Мысли и сердце - Амосов Николай Михайлович (читать книги онлайн бесплатно полностью txt) 📗
— Давайте вшивать клапан.
Хорошо, что АИК был приготовлен для другой операции, а она еще не началась. Хорошо, что станция дала кровь. Хорошо, что сердечная мышца у нее невыработанная и выдержала те лишние полтора часа, пока кровь привезли, сосуды обнажили, машину подключили.
Помню, что зло уже прошло и осталось только глухое отчаяние. Трудно было вшивать клапан, предсердие небольшое и желудочек — тоже, а клапан громоздкий. Но вшили. Шесть часов продолжалось со всякими простоями. «Спасибо, Михаил Иванович». — «Поди ты со своим спасибо!» Он два дня сидел около больной, не отходя.

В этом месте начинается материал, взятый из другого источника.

lemma lipschitz_gradient_extrapolation_error:
  fixes f :: "'a::real_inner \<Rightarrow> real" and g :: "'a \<Rightarrow> 'a"
  assumes grad: "\<And>u. (f has_derivative (\<lambda>h. g u \<bullet> h)) (at u)"
    and lip: "\<And>u1 u2. norm (g u1 - g u2) \<le> L * norm (u1 - u2)"
    and "l1 > 0" "l2 > 0" "l3 < 0" "l1 + l3 > 0" "l1 + l2 + l3 = 1"
    and y0: "y0 = l1 *\<^sub>R y1 + l2 *\<^sub>R y2 + l3 *\<^sub>R y3"
  shows "\<bar>l1 * f y1 + l2 * f y2 + l3 * f y3 - f y0\<bar>
    \<le> L / 2 * (l2 / (l1 + l3) * (norm (y2 - y0))\<^sup>2 - l1 * l3 / (l1 + l3) * (norm (y1 - y3))\<^sup>2)"
proof -
  define k where "k = l1 + l3"
  define p where "p = (1 / k) *\<^sub>R (l1 *\<^sub>R y1 + l3 *\<^sub>R y3)"
  have "k > 0" "l2 = 1 - k"
    using assms(6,7) by (simp_all add: k_def)
  have y0_split: "y0 = l2 *\<^sub>R y2 + k *\<^sub>R p" and y1_split: "y1 = (k / l1) *\<^sub>R p + (- l3 / l1) *\<^sub>R y3"
    and y2_p: "k *\<^sub>R (y2 - p) = y2 - y0" and p_y3: "k *\<^sub>R (p - y3) = l1 *\<^sub>R (y1 - y3)"
    using cevian_point_decomposition[OF assms(7) y0 _ _ p_def[unfolded k_def]] assms(3,6)
    by (simp_all add: k_def)
  have norm_y2_y0: "norm (y2 - y0) = k * norm (y2 - p)"
    using y2_p \<open>k > 0\<close> by (metis norm_scaleR abs_of_pos)
  have "k * norm (p - y3) = l1 * norm (y1 - y3)"
    using p_y3 \<open>k > 0\<close> \<open>l1 > 0\<close> by (metis norm_scaleR abs_of_pos)
  then have norm_y1_y3: "norm (y1 - y3) = k / l1 * norm (p - y3)"
    using \<open>l1 > 0\<close> by (simp add: field_simps)
  define T1 where "T1 = l2 * f y2 + k * f p - f y0"
  define T2 where "T2 = (k / l1) * f p + (- l3 / l1) * f y3 - f y1"
  have T1_bound: "\<bar>T1\<bar> \<le> L / 2 * l2 * k * (norm (y2 - p))\<^sup>2"
    using lipschitz_gradient_convex_combination_error[OF grad lip, of l2 k y2 p] assms(4) \<open>k > 0\<close>
    by (simp add: T1_def y0_split \<open>l2 = 1 - k\<close>)
  have "k / l1 + - l3 / l1 = 1" "0 \<le> - l3 / l1"
    using \<open>l1 > 0\<close> \<open>l3 < 0\<close> by (simp_all add: k_def field_simps)
  then have T2_bound: "\<bar>T2\<bar> \<le> L / 2 * (k / l1) * (- l3 / l1) * (norm (p - y3))\<^sup>2"
    using lipschitz_gradient_convex_combination_error[OF grad lip, of "k / l1" "- l3 / l1" p y3]
      \<open>l1 > 0\<close> \<open>k > 0\<close>
    by (simp add: T2_def y1_split)
  have "l1 * f y1 + l2 * f y2 + l3 * f y3 - f y0 = T1 - l1 * T2"
    using \<open>l1 > 0\<close> by (simp add: T1_def T2_def k_def field_simps)
  also have "\<bar>\<dots>\<bar> \<le> \<bar>T1\<bar> + l1 * \<bar>T2\<bar>"
    using abs_triangle_ineq4[of T1 "l1 * T2"] \<open>l1 > 0\<close> by (simp add: abs_mult)
  also have "\<dots> \<le> L / 2 * l2 * k * (norm (y2 - p))\<^sup>2 + l1 * (L / 2 * (k / l1) * (- l3 / l1) * (norm (p - y3))\<^sup>2)"
    using T1_bound T2_bound \<open>l1 > 0\<close> by (intro add_mono mult_left_mono) auto
  also have "\<dots> = L / 2 * (l2 / k * (norm (y2 - y0))\<^sup>2 - l1 * l3 / k * (norm (y1 - y3))\<^sup>2)"
    using \<open>k > 0\<close> \<open>l1 > 0\<close> by (simp add: norm_y2_y0 norm_y1_y3 field_simps power2_eq_square)
  finally show ?thesis
    by (simp add: k_def)
qed

lemma frob_outer: "frob (outer x y) H = x \<bullet> (H *v y)"
  unfolding frob_def outer_def inner_vec_def matrix_vector_mult_def
  by (simp add: sum_distrib_left mult_ac)

lemma frob_add_left: "frob (A + B) H = frob A H + frob B H"
  unfolding frob_def by (simp add: sum.distrib distrib_right)

lemma frob_scaleR_left: "frob (c *\<^sub>R A) H = c * frob A H"
  unfolding frob_def by (simp add: sum_distrib_left mult_ac)

lemma frob_barycentric_outer:
  assumes "l1 + l2 + l3 = 1" and y0: "y0 = l1 *\<^sub>R y1 + l2 *\<^sub>R y2 + l3 *\<^sub>R y3"
  shows "frob ((-1) *\<^sub>R outer y0 y0 + l1 *\<^sub>R outer y1 y1 + l2 *\<^sub>R outer y2 y2 + l3 *\<^sub>R outer y3 y3) H
    = l1 * ((y1 - y0) \<bullet> (H *v (y1 - y0))) + l2 * ((y2 - y0) \<bullet> (H *v (y2 - y0)))
      + l3 * ((y3 - y0) \<bullet> (H *v (y3 - y0)))"
proof -
  have left: "l1 * (y1 \<bullet> w) + l2 * (y2 \<bullet> w) + l3 * (y3 \<bullet> w) = y0 \<bullet> w" for w
    by (simp add: y0 inner_add_left)
  have right: "l1 * (w \<bullet> (H *v y1)) + l2 * (w \<bullet> (H *v y2)) + l3 * (w \<bullet> (H *v y3)) = w \<bullet> (H *v y0)" for w
    by (simp add: y0 matrix_vector_right_distrib matrix_vector_mult_scaleR inner_add_right)
  have "(l1 + l2 + l3) * (y0 \<bullet> (H *v y0)) = y0 \<bullet> (H *v y0)"
    using assms(1) by simp
  then show ?thesis
    using left[of "H *v y0"] right[of y0]
    unfolding frob_add_left frob_scaleR_left frob_outer
    by (simp add: matrix_vector_mult_diff_distrib inner_diff_left inner_diff_right algebra_simps)
qed

lemma eigenpair_quadratic_form:
  fixes H :: "real^'n^'n"
  assumes "H *v u = a *\<^sub>R u" "H *v v = b *\<^sub>R v"
  shows "(s *\<^sub>R u + t *\<^sub>R v) \<bullet> (H *v (s *\<^sub>R u + t *\<^sub>R v))
    = a * s\<^sup>2 * (u \<bullet> u) + b * t\<^sup>2 * (v \<bullet> v) + (a + b) * s * t * (u \<bullet> v)"
  using assms
  by (simp add: matrix_vector_right_distrib matrix_vector_mult_scaleR inner_add_left inner_add_right
      inner_commute[of v u] algebra_simps power2_eq_square)

lemma frob_barycentric_outer_eigenpair:
  fixes H :: "real^2^2"
  assumes "l1 + l2 + l3 = 1" and y0: "y0 = l1 *\<^sub>R y1 + l2 *\<^sub>R y2 + l3 *\<^sub>R y3" and "l1 + l3 \<noteq> 0"
    and "H *v (y2 - y0) = c *\<^sub>R (y2 - y0)" "H *v (y1 - y3) = (- c) *\<^sub>R (y1 - y3)"
  shows "frob ((-1) *\<^sub>R outer y0 y0 + l1 *\<^sub>R outer y1 y1 + l2 *\<^sub>R outer y2 y2 + l3 *\<^sub>R outer y3 y3) H
    = c * (l2 / (l1 + l3) * (norm (y2 - y0))\<^sup>2 - l1 * l3 / (l1 + l3) * (norm (y1 - y3))\<^sup>2)"
proof -
  define k where "k = l1 + l3"
  define u where "u = y2 - y0"
  define v where "v = y1 - y3"
  have "k \<noteq> 0" "l1 = k - l3" "l2 = 1 - k"
    using assms(1,3) by (simp_all add: k_def)
  have "(l1 *\<^sub>R y1 + l2 *\<^sub>R y2 + l3 *\<^sub>R y3) - (l1 + l2 + l3) *\<^sub>R y0 = 0"
    using assms(1) y0 by simp
  then have "k *\<^sub>R (y1 - y0) = (- l2) *\<^sub>R u + l3 *\<^sub>R v" "k *\<^sub>R (y3 - y0) = (- l2) *\<^sub>R u + (- l1) *\<^sub>R v"
    by (simp_all add: u_def v_def k_def algebra_simps)
  then have "k *\<^sub>R (y1 - y0) = k *\<^sub>R ((- l2 / k) *\<^sub>R u + (l3 / k) *\<^sub>R v)"
    "k *\<^sub>R (y3 - y0) = k *\<^sub>R ((- l2 / k) *\<^sub>R u + (- l1 / k) *\<^sub>R v)"
    using \<open>k \<noteq> 0\<close> by (simp_all add: scaleR_add_right scaleR_diff_right)
  then have y1_y0: "y1 - y0 = (- l2 / k) *\<^sub>R u + (l3 / k) *\<^sub>R v"
    and y3_y0: "y3 - y0 = (- l2 / k) *\<^sub>R u + (- l1 / k) *\<^sub>R v"
    using \<open>k \<noteq> 0\<close> by simp_all
  have y2_y0: "y2 - y0 = 1 *\<^sub>R u + 0 *\<^sub>R v"
    by (simp add: u_def)
  have "H *v u = c *\<^sub>R u" "H *v v = (- c) *\<^sub>R v"
    using assms(4,5) by (simp_all add: u_def v_def)
  note quadratic = eigenpair_quadratic_form[OF this]
  show ?thesis
    unfolding frob_barycentric_outer[OF assms(1) y0] y1_y0 y2_y0 y3_y0 quadratic
    using \<open>k \<noteq> 0\<close> \<open>l1 = k - l3\<close> \<open>l2 = 1 - k\<close>
    by (simp add: power2_norm_eq_inner flip: u_def v_def k_def) (simp add: field_simps power2_eq_square)
qed

lemma matrix_inv_left:
  fixes A :: "'a::semiring_1^'n^'m"
  assumes "invertible A"
  shows "matrix_inv A ** A = mat 1"
  using assms unfolding invertible_def matrix_inv_def by (rule someI2_ex) simp

lemma cols2_mult_vector: "cols2 u v *v x = x $ 1 *\<^sub>R u + x $ 2 *\<^sub>R v"
  unfolding cols2_def matrix_vector_mult_def by (simp add: vec_eq_iff sum_2 mult_ac)

lemma diag2_mult_axis:
  "diag2 a b *v axis 1 1 = a *\<^sub>R axis 1 1" "diag2 a b *v axis 2 1 = b *\<^sub>R axis 2 1"
  unfolding diag2_def matrix_vector_mult_def axis_def by (simp_all add: vec_eq_iff sum_2 forall_2)

lemma cols2_diag2_conjugate_eigenvectors:
  assumes "invertible (cols2 u v)"
  shows "(cols2 u v ** diag2 a b ** matrix_inv (cols2 u v)) *v u = a *\<^sub>R u"
    and "(cols2 u v ** diag2 a b ** matrix_inv (cols2 u v)) *v v = b *\<^sub>R v"
proof -
  let ?P = "cols2 u v"
  have conj: "(?P ** D ** matrix_inv ?P) *v (?P *v x) = ?P *v (D *v x)" for D x
    using matrix_inv_left[OF assms] by (metis matrix_vector_mul_assoc matrix_vector_mul_lid)
  have "?P *v axis 1 1 = u" "?P *v axis 2 1 = v"
    by (simp_all add: cols2_mult_vector axis_def)
  then show "(?P ** diag2 a b ** matrix_inv ?P) *v u = a *\<^sub>R u"
    and "(?P ** diag2 a b ** matrix_inv ?P) *v v = b *\<^sub>R v"
    using conj[of "diag2 a b" "axis 1 1"] conj[of "diag2 a b" "axis 2 1"]
    by (simp_all add: diag2_mult_axis matrix_vector_mult_scaleR)
qed

lemma affine_independent3_combination_eq_0:
  fixes y1 y2 y3 :: "'a::real_vector"
  assumes "y1 \<noteq> y2" "y1 \<noteq> y3" "y2 \<noteq> y3" "\<not> affine_dependent {y1, y2, y3}"
    and "c1 + c2 + c3 = 0" "c1 *\<^sub>R y1 + c2 *\<^sub>R y2 + c3 *\<^sub>R y3 = 0"
  shows "c1 = 0 \<and> c2 = 0 \<and> c3 = 0"
proof (rule ccontr)
  assume nonzero: "\<not> (c1 = 0 \<and> c2 = 0 \<and> c3 = 0)"
  define U where "U y = (if y = y1 then c1 else if y = y2 then c2 else c3)" for y
  have "sum U {y1, y2, y3} = c1 + c2 + c3" "(\<Sum>y\<in>{y1, y2, y3}. U y *\<^sub>R y) = c1 *\<^sub>R y1 + c2 *\<^sub>R y2 + c3 *\<^sub>R y3"
    using assms(1-3) by (simp_all add: U_def)
  moreover have "\<exists>y\<in>{y1, y2, y3}. U y \<noteq> 0"
    using assms(1-3) nonzero by (auto simp: U_def)
  ultimately have "affine_dependent {y1, y2, y3}"
    using assms(5,6) by (subst affine_dependent_explicit_finite) auto
  with assms(4) show False ..
qed

lemma invertible_cols2_barycentric:
  fixes y0 y1 y2 y3 :: "real^2"
  assumes "y1 \<noteq> y2" "y1 \<noteq> y3" "y2 \<noteq> y3" "\<not> affine_dependent {y1, y2, y3}"
    and "l1 + l2 + l3 = 1" "y0 = l1 *\<^sub>R y1 + l2 *\<^sub>R y2 + l3 *\<^sub>R y3" "l1 + l3 \<noteq> 0"
  shows "invertible (cols2 (y2 - y0) (y1 - y3))"
  unfolding invertible_left_inverse matrix_left_invertible_ker
proof (intro allI impI)
  fix x :: "real^2"
  assume "cols2 (y2 - y0) (y1 - y3) *v x = 0"
  moreover have "cols2 (y2 - y0) (y1 - y3) *v x
      = (x$2 - x$1 * l1) *\<^sub>R y1 + (x$1 * (l1 + l3)) *\<^sub>R y2 + (- x$1 * l3 - x$2) *\<^sub>R y3"
  proof -
    have y0: "y0 = l1 *\<^sub>R y1 + (1 - l1 - l3) *\<^sub>R y2 + l3 *\<^sub>R y3"
      using assms(5,6) by (simp add: eq_diff_eq)
    show ?thesis
      by (simp add: y0 cols2_mult_vector vec_eq_iff algebra_simps)
  qed
  ultimately have "(x$2 - x$1 * l1) *\<^sub>R y1 + (x$1 * (l1 + l3)) *\<^sub>R y2 + (- x$1 * l3 - x$2) *\<^sub>R y3 = 0"
    by simp
  moreover have "(x$2 - x$1 * l1) + x$1 * (l1 + l3) + (- x$1 * l3 - x$2) = 0"
    by (simp add: algebra_simps)
  ultimately have "x$1 * (l1 + l3) = 0 \<and> x$2 - x$1 * l1 = 0"
    using affine_independent3_combination_eq_0[OF assms(1-4)] by blast
  then show "x = 0"
    using \<open>l1 + l3 \<noteq> 0\<close> by (simp add: vec_eq_iff forall_2)
qed

lemma barycentric_sign_conditions:
  fixes y1 y2 y3 :: "'a::real_inner"
  assumes "(y2 - y1) \<bullet> (y3 - y1) < 0" "l3 < 0"
    and "l1 * ((y2 - y1) \<bullet> (y3 - y1)) - l3 * ((y2 - y3) \<bullet> (y1 - y3)) < 0"
  shows "0 < l1" "0 < l1 + l3"
proof -
  define A where "A = (y2 - y1) \<bullet> (y3 - y1)"
  define V where "V = (y1 - y3) \<bullet> (y1 - y3)"
  have B: "(y2 - y3) \<bullet> (y1 - y3) = V - A"
    unfolding A_def V_def by (simp add: inner_diff_left inner_diff_right inner_commute algebra_simps)
  have "A < 0" "0 \<le> V"
    using assms(1) by (simp_all add: A_def V_def)
  have cond: "l1 * A - l3 * (V - A) < 0"
    using assms(3) by (simp add: A_def B)
  have "l3 * (V - A) < 0"
    using \<open>A < 0\<close> \<open>0 \<le> V\<close> \<open>l3 < 0\<close> by (simp add: mult_neg_pos)
  then have "l1 * A < 0"
    using cond by simp
  then show "0 < l1"
    using \<open>A < 0\<close> by (simp add: mult_less_0_iff)
  have "(l1 + l3) * A < l3 * V"
    using cond by (simp add: algebra_simps)
  also have "l3 * V \<le> 0"
    using \<open>l3 < 0\<close> \<open>0 \<le> V\<close> by (simp add: mult_nonpos_nonneg)
  finally show "0 < l1 + l3"
    using \<open>A < 0\<close> by (simp add: mult_less_0_iff)
qed

theorem theorem5p3:
  fixes L :: real and f m :: "real^2 \<Rightarrow> real"
    and y0 y1 y2 y3 :: "real^2" and l1 l2 l3 :: real
  assumes "L > 0"
    and "C11 L f"
    and "y1 \<noteq> y2" "y1 \<noteq> y3" "y2 \<noteq> y3"
    and "\<not> affine_dependent {y1, y2, y3}"
    and "(y2 - y1) \<bullet> (y3 - y1) < 0"
    and "\<exists>a b. \<forall>x. m x = a \<bullet> x + b"
    and "m y1 = f y1" "m y2 = f y2" "m y3 = f y3"
    and "l1 + l2 + l3 = 1"
    and "l1 *\<^sub>R y1 + l2 *\<^sub>R y2 + l3 *\<^sub>R y3 = y0"
    and "l2 > 0" "l3 < 0"
    and "l1 * ((y2 - y1) \<bullet> (y3 - y1)) - l3 * ((y2 - y3) \<bullet> (y1 - y3)) < 0"
  shows "let G = (-1) *\<^sub>R outer y0 y0 + l1 *\<^sub>R outer y1 y1
                 + l2 *\<^sub>R outer y2 y2 + l3 *\<^sub>R outer y3 y3;
             P = cols2 (y2 - y0) (y1 - y3);
             Hs = P ** diag2 L (-L) ** matrix_inv P
         in \<bar>m y0 - f y0\<bar> \<le> 1/2 * frob G Hs"
proof -
  obtain g where grad: "\<And>u. (f has_derivative (\<lambda>h. g u \<bullet> h)) (at u)"
    and lip: "\<And>u1 u2. norm (g u1 - g u2) \<le> L * norm (u1 - u2)"
    using \<open>C11 L f\<close> unfolding C11_def by blast
  have y0: "y0 = l1 *\<^sub>R y1 + l2 *\<^sub>R y2 + l3 *\<^sub>R y3"
    using assms(13) by simp
  have "0 < l1" "0 < l1 + l3"
    using barycentric_sign_conditions[OF assms(7,15,16)] by simp_all
  obtain a b where m: "\<And>x. m x = a \<bullet> x + b"
    using assms(8) by blast
  have "m y0 = l1 * m y1 + l2 * m y2 + l3 * m y3"
    using assms(12) by (simp add: m y0 inner_add_right algebra_simps) (simp flip: distrib_left)
  then have "\<bar>m y0 - f y0\<bar> \<le> L / 2 * (l2 / (l1 + l3) * (norm (y2 - y0))\<^sup>2 - l1 * l3 / (l1 + l3) * (norm (y1 - y3))\<^sup>2)"
    using lipschitz_gradient_extrapolation_error[OF grad lip \<open>0 < l1\<close> assms(14,15) \<open>0 < l1 + l3\<close> assms(12) y0]
    by (simp add: assms(9-11))
  moreover have "invertible (cols2 (y2 - y0) (y1 - y3))"
    using invertible_cols2_barycentric[OF assms(3-6,12) y0] \<open>0 < l1 + l3\<close> by simp
  ultimately show ?thesis
    using frob_barycentric_outer_eigenpair[OF assms(12) y0 _ cols2_diag2_conjugate_eigenvectors]
      \<open>0 < l1 + l3\<close> by (simp add: Let_def)
qed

Виноват? Не знаю. Разбирался потом на холодную голову. Он стоял потупившись. «Сначала не поддавался клапан, потом — раз! И сразу разъехался. Я и позвал вас...» Может, и так. Парень честный. А может, ему самому хочется, чтобы так было. Не знаю.
Дело прошлое.
Если клапан не подведет, то будет лучше своего. Ревматизм ему по крайней мере не страшен. «Если бы Господь Бог имел двести долларов, он бы поставил Адаму шариковый клапан». Это Старр, изобретатель, так говорил. Увлеченный.
Я сижу за сестринским столом и смотрю на листы наблюдений. А там, в мозгу, проносятся эти картины. Как сейчас.
Вернемся к жизни...
— Михаил Иванович, вы Валю вчера видели? Нашу Валю.
— Нет, а разве она была? Почему же ко мне не зашла?
— Вас куда-то увезли, она искала.
— И Мария Васильевна мне не сказала ничего сегодня. (Тревога. Неужели плохо?)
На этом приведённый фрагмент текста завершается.